BEGIN

(* Assume (A3) and (A4), and let $\rho\in[0,\epsilon]$. Then for all $x\in R\mathbb{B}$, $$\mathrm{dist}(x,\mathcal{X}_\rho)\le\frac{1}{\sigma}[g(x)+\rho]_+ .$$
   Context: Let $g:\mathbb{R}^d\to\mathbb{R}$ be convex with subdifferential $\partial g(x)$. Let $R>0$ and $\mathbb{B}=\{x\in\mathbb{R}^d:\|x\|\le1\}$, with $\|\cdot\|$ the Euclidean norm. Set $\mathcal{X}=\{x:g(x)\le0\}$ and assume $\mathcal{X}\subseteq R\mathbb{B}$. For $\rho\ge0$ set $\mathcal{X}_\rho=\{x:g(x)\le-\rho\}$. Write $\mathrm{dist}(z,\mathcal{Y})=\min_{y\in\mathcal{Y}}\|z-y\|$ and $[a]_+=\max(a,0)$. Assumptions: (A3) there is $G_g>0$ with $\|s\|\le G_g$ for all $s\in\partial g(x)$ and all $x\in R\mathbb{B}$; (A4) there are $\sigma,\epsilon>0$ such that $\{x:g(x)=-\epsilon\}$ is nonempty and $\|s\|\ge\sigma$ for all $s\in\partial g(x)$ whenever $g(x)=-\epsilon$. *)

theory Defs
  imports "HOL-Analysis.Analysis"
begin

definition subdiff :: "('a::real_inner \<Rightarrow> real) \<Rightarrow> 'a \<Rightarrow> 'a set" where
  "subdiff g x = {s. \<forall>y. g y \<ge> g x + inner s (y - x)}"

end

theory Submission
  imports Defs
begin

text \<open>
  Let q be the point of the sublevel set {g \<le> -\<epsilon>} nearest to x. Then q minimises g over the
  halfspace {w. \<langle>x - q, w - q\<rangle> \<ge> 0}, so some nonnegative multiple l(x - q) is a subgradient
  of g at q, where g q = -\<epsilon>. By (A4) we get \<sigma> \<le> l\<parallel>x - q\<parallel>, and the subgradient inequality at
  x gives g x + \<epsilon> \<ge> l\<parallel>x - q\<parallel>^2 \<ge> \<sigma>\<parallel>x - q\<parallel>. Moving from x towards q by the fraction
  (g x + \<rho>) / (g x + \<epsilon>) of the way reaches {g \<le> -\<rho>} by convexity.
\<close>

lemma convex_sublevel:
  assumes "convex_on UNIV f"
  shows "convex {x. f x \<le> c}"
  unfolding convex_alt
proof (intro ballI allI impI)
  fix x y and t :: real
  assume xy: "x \<in> {x. f x \<le> c}" "y \<in> {x. f x \<le> c}" and t: "0 \<le> t \<and> t \<le> 1"
  have "f ((1 - t) *\<^sub>R x + t *\<^sub>R y) \<le> (1 - t) * f x + t * f y"
    using convex_onD[OF assms] t by blast
  also have "\<dots> \<le> (1 - t) * c + t * c"
    using xy t by (intro add_mono mult_left_mono) auto
  finally show "(1 - t) *\<^sub>R x + t *\<^sub>R y \<in> {x. f x \<le> c}"
    by (simp add: algebra_simps)
qed

lemma convex_slopes_across_hyperplane:
  fixes g :: "'a::real_inner \<Rightarrow> real"
  assumes convex: "convex_on UNIV g"
    and hyperplane: "\<And>w. inner u (w - q) = 0 \<Longrightarrow> g q \<le> g w"
    and y1: "inner u (y1 - q) > 0" and y2: "inner u (y2 - q) < 0"
  shows "(- inner u (y2 - q)) * (g y1 - g q) + inner u (y1 - q) * (g y2 - g q) \<ge> 0"
proof -
  define a b where "a = inner u (y1 - q)" and "b = - inner u (y2 - q)"
  have ab: "a > 0" "b > 0" using y1 y2 by (auto simp: a_def b_def)
  define t where "t = a / (a + b)"
  have t: "0 \<le> t" "t \<le> 1" using ab by (auto simp: t_def)
  have "inner u ((1 - t) *\<^sub>R y1 + t *\<^sub>R y2 - q) = (1 - t) * a - t * b"
    by (simp add: a_def b_def algebra_simps inner_diff_right inner_add_right)
  also have "\<dots> = 0" using ab by (simp add: t_def field_simps)
  finally have "g q \<le> g ((1 - t) *\<^sub>R y1 + t *\<^sub>R y2)" by (rule hyperplane)
  also have "\<dots> \<le> (1 - t) * g y1 + t * g y2" using convex_onD[OF convex t] by simp
  finally have "0 \<le> (1 - t) * (g y1 - g q) + t * (g y2 - g q)"
    by (simp add: algebra_simps)
  then have "0 \<le> (a + b) * ((1 - t) * (g y1 - g q) + t * (g y2 - g q))"
    using ab by simp
  also have "\<dots> = ((a + b) * (1 - t)) * (g y1 - g q) + ((a + b) * t) * (g y2 - g q)"
    by (simp add: algebra_simps)
  also have "(a + b) * (1 - t) = b" using ab by (simp add: t_def field_simps)
  also have "(a + b) * t = a" using ab by (simp add: t_def field_simps)
  finally show ?thesis by (simp add: a_def b_def)
qed

lemma subgradient_of_min_on_halfspace:
  fixes g :: "'a::real_inner \<Rightarrow> real"
  assumes convex: "convex_on UNIV g"
    and "u \<noteq> 0"
    and min: "\<And>w. inner u (w - q) \<ge> 0 \<Longrightarrow> g q \<le> g w"
  shows "\<exists>l\<ge>0. l *\<^sub>R u \<in> subdiff g q"
proof -
  define slopes where "slopes = {(g y - g q) / inner u (y - q) | y. inner u (y - q) > 0}"
  define l where "l = Inf slopes"
  have slopes_nonneg: "z \<ge> 0" if "z \<in> slopes" for z
    using that min by (auto simp: slopes_def)
  have "inner u (q + u - q) > 0" using \<open>u \<noteq> 0\<close> by simp
  then have slopes_ne: "slopes \<noteq> {}" unfolding slopes_def by blast
  have bdd: "bdd_below slopes" using slopes_nonneg by (rule bdd_belowI)
  have l_nonneg: "l \<ge> 0" unfolding l_def using slopes_ne slopes_nonneg by (rule cInf_greatest)
  have "g q + l * inner u (y - q) \<le> g y" for y
  proof (cases "inner u (y - q)" "0::real" rule: linorder_cases)
    case less
    have "(g y - g q) / inner u (y - q) \<le> l" unfolding l_def
    proof (rule cInf_greatest[OF slopes_ne])
      fix z assume "z \<in> slopes"
      then obtain y1 where z: "z = (g y1 - g q) / inner u (y1 - q)" and y1: "inner u (y1 - q) > 0"
        unfolding slopes_def by blast
      have "0 \<le> (- inner u (y - q)) * (g y1 - g q) + inner u (y1 - q) * (g y - g q)"
        using convex_slopes_across_hyperplane[OF convex _ y1 less] min by simp
      then have "z * inner u (y - q) \<le> g y - g q"
        using y1 by (simp add: z field_simps)
      then show "(g y - g q) / inner u (y - q) \<le> z"
        using less by (simp add: neg_divide_le_eq)
    qed
    then show ?thesis using less by (simp add: neg_divide_le_eq)
  next
    case equal
    then show ?thesis using min[of y] by simp
  next
    case greater
    have "l \<le> (g y - g q) / inner u (y - q)"
      unfolding l_def using greater by (intro cInf_lower[OF _ bdd]) (auto simp: slopes_def)
    then show ?thesis using greater by (simp add: pos_le_divide_eq)
  qed
  then have "l *\<^sub>R u \<in> subdiff g q" by (simp add: subdiff_def)
  with l_nonneg show ?thesis by blast
qed

lemma nearest_point_of_sublevel_halfspace:
  fixes g :: "'a::euclidean_space \<Rightarrow> real"
  assumes convex: "convex_on UNIV g"
    and x: "c < g x" and q: "g q \<le> c"
    and nearest: "\<And>y. g y \<le> c \<Longrightarrow> dist x q \<le> dist x y"
    and w: "inner (x - q) (w - q) \<ge> 0"
  shows "c \<le> g w"
  \<comment> \<open>A point of the open set {g < c} in the halfspace could be pushed further along x - q
    without leaving the sublevel set, contradicting the obtuse-angle property of the nearest point.\<close>
proof (rule ccontr)
  let ?L = "{y. g y \<le> c}"
  assume "\<not> c \<le> g w"
  have cont: "continuous_on UNIV g" using convex_on_continuous[OF open_UNIV convex] .
  have "open {y. g y < c}" using open_Collect_less[OF cont continuous_on_const] .
  moreover have "w \<in> {y. g y < c}" using \<open>\<not> c \<le> g w\<close> by simp
  ultimately obtain e where e: "e > 0" "ball w e \<subseteq> {y. g y < c}"
    using open_contains_ball by blast
  define u where "u = x - q"
  have "u \<noteq> 0" using x q by (auto simp: u_def)
  define d where "d = e / (2 * norm u)"
  have d: "d > 0" "d * norm u < e" using e \<open>u \<noteq> 0\<close> by (auto simp: d_def)
  have "dist w (w + d *\<^sub>R u) < e" using d by (simp add: dist_norm)
  then have "w + d *\<^sub>R u \<in> ?L" using e by auto
  moreover have "closed ?L" using closed_Collect_le[OF cont continuous_on_const] .
  ultimately have "inner u (w + d *\<^sub>R u - q) \<le> 0"
    unfolding u_def using q nearest
    by (intro any_closest_point_dot[OF convex_sublevel[OF convex]]) auto
  moreover have "inner u (w + d *\<^sub>R u - q) = inner u (w - q) + d * inner u u"
    by (simp add: algebra_simps inner_diff_right inner_add_right)
  moreover have "d * inner u u > 0" using \<open>u \<noteq> 0\<close> d by simp
  ultimately show False using w by (simp add: u_def)
qed

lemma level_set_point_within_distance:
  fixes g :: "'a::euclidean_space \<Rightarrow> real"
  assumes convex: "convex_on UNIV g"
    and x: "c < g x" and "g p \<le> c"
    and sharp: "\<And>y s. g y = c \<Longrightarrow> s \<in> subdiff g y \<Longrightarrow> \<sigma> \<le> norm s"
  shows "\<exists>q. g q = c \<and> \<sigma> * dist x q \<le> g x - c"
proof -
  let ?L = "{y. g y \<le> c}"
  have "closed ?L"
    using closed_Collect_le[OF convex_on_continuous[OF open_UNIV convex] continuous_on_const] .
  moreover have "?L \<noteq> {}" using \<open>g p \<le> c\<close> by blast
  ultimately obtain q where q: "g q \<le> c" and nearest: "\<And>y. g y \<le> c \<Longrightarrow> dist x q \<le> dist x y"
    using distance_attains_inf[of ?L x] by auto
  define u where "u = x - q"
  have "u \<noteq> 0" using x q by (auto simp: u_def)
  have halfspace: "inner u (w - q) \<ge> 0 \<Longrightarrow> c \<le> g w" for w
    unfolding u_def using nearest_point_of_sublevel_halfspace[OF convex x q nearest] .
  have gq: "g q = c" using q halfspace[of q] by simp
  obtain l where "l \<ge> 0" and sub: "l *\<^sub>R u \<in> subdiff g q"
    using subgradient_of_min_on_halfspace[OF convex \<open>u \<noteq> 0\<close>, of q] halfspace gq by auto
  have "\<sigma> \<le> l * norm u" using sharp[OF gq sub] \<open>l \<ge> 0\<close> by simp
  then have "\<sigma> * norm u \<le> l * (norm u * norm u)"
    using mult_right_mono[of \<sigma> "l * norm u" "norm u"] by (simp add: mult.assoc)
  also have "\<dots> = inner (l *\<^sub>R u) (x - q)"
    by (simp add: u_def power2_eq_square[symmetric] dot_square_norm)
  also have "\<dots> \<le> g x - c" using sub gq by (auto simp: subdiff_def dest: spec[of _ x])
  finally show ?thesis using gq by (auto simp: u_def dist_norm)
qed

lemma infdist_sublevel_le_interpolation:
  fixes g :: "'a::real_normed_vector \<Rightarrow> real"
  assumes convex: "convex_on UNIV g"
    and "g q \<le> a" "a \<le> b" "b < g x"
  shows "infdist x {y. g y \<le> b} \<le> (g x - b) / (g x - a) * dist x q"
proof -
  define t where "t = (g x - b) / (g x - a)"
  have t: "0 \<le> t" "t \<le> 1" using assms by (auto simp: t_def)
  define y where "y = (1 - t) *\<^sub>R x + t *\<^sub>R q"
  have "g y \<le> (1 - t) * g x + t * g q" unfolding y_def using convex_onD[OF convex t] by simp
  also have "\<dots> \<le> g x - t * (g x - a)"
    using mult_left_mono[OF \<open>g q \<le> a\<close> t(1)] by (simp add: algebra_simps)
  also have "\<dots> = b" using assms by (simp add: t_def)
  finally have "y \<in> {y. g y \<le> b}" by simp
  moreover have "dist x y = t * dist x q"
  proof -
    have "x - y = t *\<^sub>R (x - q)" by (simp add: y_def algebra_simps)
    then show ?thesis using t by (simp add: dist_norm)
  qed
  ultimately show ?thesis unfolding t_def by (metis infdist_le)
qed

theorem lemma1:
  fixes g :: "'a::euclidean_space \<Rightarrow> real"
    and R G\<^sub>g \<sigma> \<epsilon> \<rho> :: real
  assumes convex: "convex_on UNIV g"
    and R_pos: "R > 0"
    and X_sub: "{x. g x \<le> 0} \<subseteq> cball 0 R"
    and A3: "G\<^sub>g > 0" "\<forall>x\<in>cball 0 R. \<forall>s\<in>subdiff g x. norm s \<le> G\<^sub>g"
    and A4: "\<sigma> > 0" "\<epsilon> > 0" "{x. g x = - \<epsilon>} \<noteq> {}"
      "\<forall>x. g x = - \<epsilon> \<longrightarrow> (\<forall>s\<in>subdiff g x. norm s \<ge> \<sigma>)"
    and rho: "0 \<le> \<rho>" "\<rho> \<le> \<epsilon>"
  shows "\<forall>x\<in>cball 0 R. infdist x {y. g y \<le> - \<rho>} \<le> (1 / \<sigma>) * max (g x + \<rho>) 0"
proof
  \<comment> \<open>The bound holds for every x.\<close>
  fix x :: 'a
  show "infdist x {y. g y \<le> - \<rho>} \<le> (1 / \<sigma>) * max (g x + \<rho>) 0"
  proof (cases "g x \<le> - \<rho>")
    case True
    then show ?thesis using A4(1) by simp
  next
    case False
    then have x: "- \<epsilon> < g x" using rho by simp
    obtain p where "g p = - \<epsilon>" using A4(3) by blast
    then obtain q where q: "g q = - \<epsilon>" "\<sigma> * dist x q \<le> g x + \<epsilon>"
      using level_set_point_within_distance[OF convex x, of p \<sigma>] A4(4) by auto
    have "infdist x {y. g y \<le> - \<rho>} \<le> (g x + \<rho>) / (g x + \<epsilon>) * dist x q"
      using infdist_sublevel_le_interpolation[OF convex, of q "- \<epsilon>" "- \<rho>" x] q(1) rho False
      by simp
    also have "\<dots> \<le> (g x + \<rho>) / (g x + \<epsilon>) * ((g x + \<epsilon>) / \<sigma>)"
      using q(2) A4(1) False x
      by (intro mult_left_mono) (auto simp: pos_le_divide_eq mult.commute)
    also have "\<dots> = (1 / \<sigma>) * max (g x + \<rho>) 0"
      using False x by simp
    finally show ?thesis .
  qed
qed

end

END

Which lines of the records above contain the word "imports"? Report each one.

> [THE COMPLETED TASK]:
  imports "HOL-Analysis.Analysis"
  imports Defs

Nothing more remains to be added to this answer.